**Exercise description**
Every line of the material that mentions the word "isotropic" should be copied out.

**Study material**

(* Let $p,q,l,N\in\mathbb{Z}_{\geq 0}$, $s=p+q$, and let $M=(M_1,\dots,M_s)\in\mathrm{Sym}_N^{p}\times\mathrm{Alt}_N^{q}$. Suppose there is a subspace $V\subseteq\mathbb{C}^N$ of dimension $2^sl$ such that $M_1V+\dots+M_sV$ has dimension $s2^sl$. Then there is $g\in\mathrm{GL}_N(\mathbb{C})$ such that for each $i\in\{1,\dots,s\}$, the $N\times l$ matrix formed by the first $l$ columns of $gM_ig^T$ has the following block form (blocks of $l$ rows each, followed by a final block of $N-(s+1)l$ rows): the first block is $0_{l\times l}$, the $(i+1)$-st block is the identity $\mathrm{Id}_l$, all other blocks of size $l\times l$ are $0$, and the final $(N-(s+1)l)\times l$ block is $0$.
   Context: $\mathrm{Sym}_N$ and $\mathrm{Alt}_N$ denote the spaces of symmetric, respectively skew-symmetric, complex $N\times N$ matrices; the first $p$ entries of $M$ are symmetric and the last $q$ are skew-symmetric. *)

theory Defs
  imports Jordan_Normal_Form.VS_Connect
begin

abbreviation cvec_space :: "nat \<Rightarrow> (complex, complex vec) module" where
  "cvec_space N \<equiv> module_vec TYPE(complex) N"

definition csubspace :: "nat \<Rightarrow> complex vec set \<Rightarrow> bool" where
  "csubspace N W \<longleftrightarrow> subspace class_ring W (cvec_space N)"

definition cdim :: "nat \<Rightarrow> complex vec set \<Rightarrow> nat" where
  "cdim N W = vectorspace.dim class_ring ((cvec_space N)\<lparr>carrier := W\<rparr>)"

text \<open>The sum of images M_1 V + ... + M_s V (as a subset of C^N).\<close>
definition img_sum :: "nat \<Rightarrow> complex mat list \<Rightarrow> complex vec set \<Rightarrow> complex vec set" where
  "img_sum N Ms V =
     {foldr (+) (map2 (\<lambda>A v. A *\<^sub>v v) Ms vs) (0\<^sub>v N) | vs. length vs = length Ms \<and> set vs \<subseteq> V}"

end

theory Submission
  imports Defs Jordan_Normal_Form.DL_Rank
begin

text \<open>
  Every symmetric or alternating form on C^d has a totally isotropic subspace of dimension
  d div 2: take an isotropic vector v, a complement of v inside its orthogonal, and recurse
  there. Halving s = p + q times inside V gives an l-dimensional subspace U that is totally
  isotropic for all M_i at once. As dim (M_1 V + ... + M_s V) = s dim V, the columns of
  W = [M_1 U | ... | M_s U] are linearly independent, and isotropy says W^T U = 0. So there is a
  basis H of C^N whose first l columns span U and with W^T H = [0 | 1 | 0]. Finally
  (H^T M_i H)_(r,c) = (W^T H)_(i l + c, r), so g = H^T has the required form.
\<close>

section \<open>Matrices with trivial kernel\<close>

definition inj_mat :: "'a::field mat \<Rightarrow> bool" where
  "inj_mat A \<longleftrightarrow>
     (\<forall>v \<in> carrier_vec (dim_col A). A *\<^sub>v v = 0\<^sub>v (dim_row A) \<longrightarrow> v = 0\<^sub>v (dim_col A))"

lemma inj_matI:
  assumes "A \<in> carrier_mat n m" "\<And>v. v \<in> carrier_vec m \<Longrightarrow> A *\<^sub>v v = 0\<^sub>v n \<Longrightarrow> v = 0\<^sub>v m"
  shows "inj_mat A"
  using assms unfolding inj_mat_def by auto

lemma inj_matD:
  assumes "inj_mat A" "A \<in> carrier_mat n m" "v \<in> carrier_vec m" "A *\<^sub>v v = 0\<^sub>v n"
  shows "v = 0\<^sub>v m"
  using assms unfolding inj_mat_def by auto

lemma inj_mat_mult:
  assumes A: "A \<in> carrier_mat n m" and B: "B \<in> carrier_mat m k"
    and "inj_mat A" "inj_mat B"
  shows "inj_mat (A * B)"
proof (rule inj_matI)
  show "A * B \<in> carrier_mat n k" using A B by auto
  fix v assume v: "v \<in> carrier_vec k" and "A * B *\<^sub>v v = 0\<^sub>v n"
  hence "A *\<^sub>v (B *\<^sub>v v) = 0\<^sub>v n" using A B by auto
  hence "B *\<^sub>v v = 0\<^sub>v m" using inj_matD[OF \<open>inj_mat A\<close> A] B v by auto
  thus "v = 0\<^sub>v k" using inj_matD[OF \<open>inj_mat B\<close> B v] by auto
qed

lemma mat_kernel_nonzero_if_wide:
  fixes A :: "'a::field mat"
  assumes A: "A \<in> carrier_mat n m" and nm: "n < m"
  shows "\<exists>v \<in> carrier_vec m. v \<noteq> 0\<^sub>v m \<and> A *\<^sub>v v = 0\<^sub>v n"
proof -
  \<comment> \<open>pad A with zero rows to a singular square matrix\<close>
  define A' where "A' = mat\<^sub>r m m (\<lambda>i. if i = n then 0\<^sub>v m else if i < n then row A i else 0\<^sub>v m)"
  have A': "A' \<in> carrier_mat m m" by (simp add: A'_def)
  have "det A' = 0" unfolding A'_def by (rule det_row_0[OF nm]) (use A in auto)
  then obtain v where v: "v \<in> carrier_vec m" "v \<noteq> 0\<^sub>v m" "A' *\<^sub>v v = 0\<^sub>v m"
    using det_0_iff_vec_prod_zero_field[OF A'] by auto
  have "A *\<^sub>v v = 0\<^sub>v n"
  proof (rule eq_vecI)
    fix i assume "i < dim_vec (0\<^sub>v n)"
    hence i: "i < n" by simp
    have "(A *\<^sub>v v) $ i = (A' *\<^sub>v v) $ i" using i nm A by (auto simp: A'_def)
    thus "(A *\<^sub>v v) $ i = 0\<^sub>v n $ i" using v(3) i nm by auto
  qed (use A in auto)
  thus ?thesis using v by auto
qed

lemma inj_mat_dim_le:
  assumes "A \<in> carrier_mat n m" "inj_mat A"
  shows "m \<le> n"
  using mat_kernel_nonzero_if_wide[OF assms(1)] inj_matD[OF assms(2,1)] by force

lemma inj_mat_iff_det_nonzero:
  assumes "A \<in> carrier_mat n n"
  shows "inj_mat A \<longleftrightarrow> det A \<noteq> 0"
  using det_0_iff_vec_prod_zero_field[OF assms] assms unfolding inj_mat_def by auto

lemma inverse_mat_if_det_nonzero:
  fixes A :: "'a::field mat"
  assumes "A \<in> carrier_mat n n" "det A \<noteq> 0"
  shows "\<exists>B \<in> carrier_mat n n. A * B = 1\<^sub>m n \<and> B * A = 1\<^sub>m n"
  using det_non_zero_imp_unit[OF assms, of "()"] unfolding Units_def ring_mat_def by auto

lemma invertible_mat_if_det_nonzero:
  fixes A :: "'a::field mat"
  assumes "A \<in> carrier_mat n n" "det A \<noteq> 0"
  shows "invertible_mat A"
  using inverse_mat_if_det_nonzero[OF assms] assms(1)
  unfolding invertible_mat_def inverts_mat_def by auto

lemma mult_mat_vec_zero: "A \<in> carrier_mat n m \<Longrightarrow> A *\<^sub>v 0\<^sub>v m = 0\<^sub>v n"
  by (rule eq_vecI) auto

lemma zero_vec_append: "0\<^sub>v (m + k) = 0\<^sub>v m @\<^sub>v 0\<^sub>v k"
  by (rule eq_vecI) auto

section \<open>Concatenation of columns\<close>

definition append_cols :: "'a mat \<Rightarrow> 'a mat \<Rightarrow> 'a mat" (infixr \<open>@\<^sub>c\<close> 65) where
  "A @\<^sub>c B = mat (dim_row A) (dim_col A + dim_col B)
     (\<lambda>(i,j). if j < dim_col A then A $$ (i,j) else B $$ (i, j - dim_col A))"

lemma append_cols_carrier[simp]:
  "A \<in> carrier_mat n m \<Longrightarrow> B \<in> carrier_mat n k \<Longrightarrow> A @\<^sub>c B \<in> carrier_mat n (m + k)"
  unfolding append_cols_def by auto

lemma index_append_cols:
  "i < dim_row A \<Longrightarrow> j < dim_col A + dim_col B \<Longrightarrow>
   (A @\<^sub>c B) $$ (i,j) = (if j < dim_col A then A $$ (i,j) else B $$ (i, j - dim_col A))"
  "dim_row (A @\<^sub>c B) = dim_row A" "dim_col (A @\<^sub>c B) = dim_col A + dim_col B"
  unfolding append_cols_def by auto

**Answer box**
  Every symmetric or alternating form on C^d has a totally isotropic subspace of dimension
  d div 2: take an isotropic vector v, a complement of v inside its orthogonal, and recurse
  isotropic for all M_i at once. As dim (M_1 V + ... + M_s V) = s dim V, the columns of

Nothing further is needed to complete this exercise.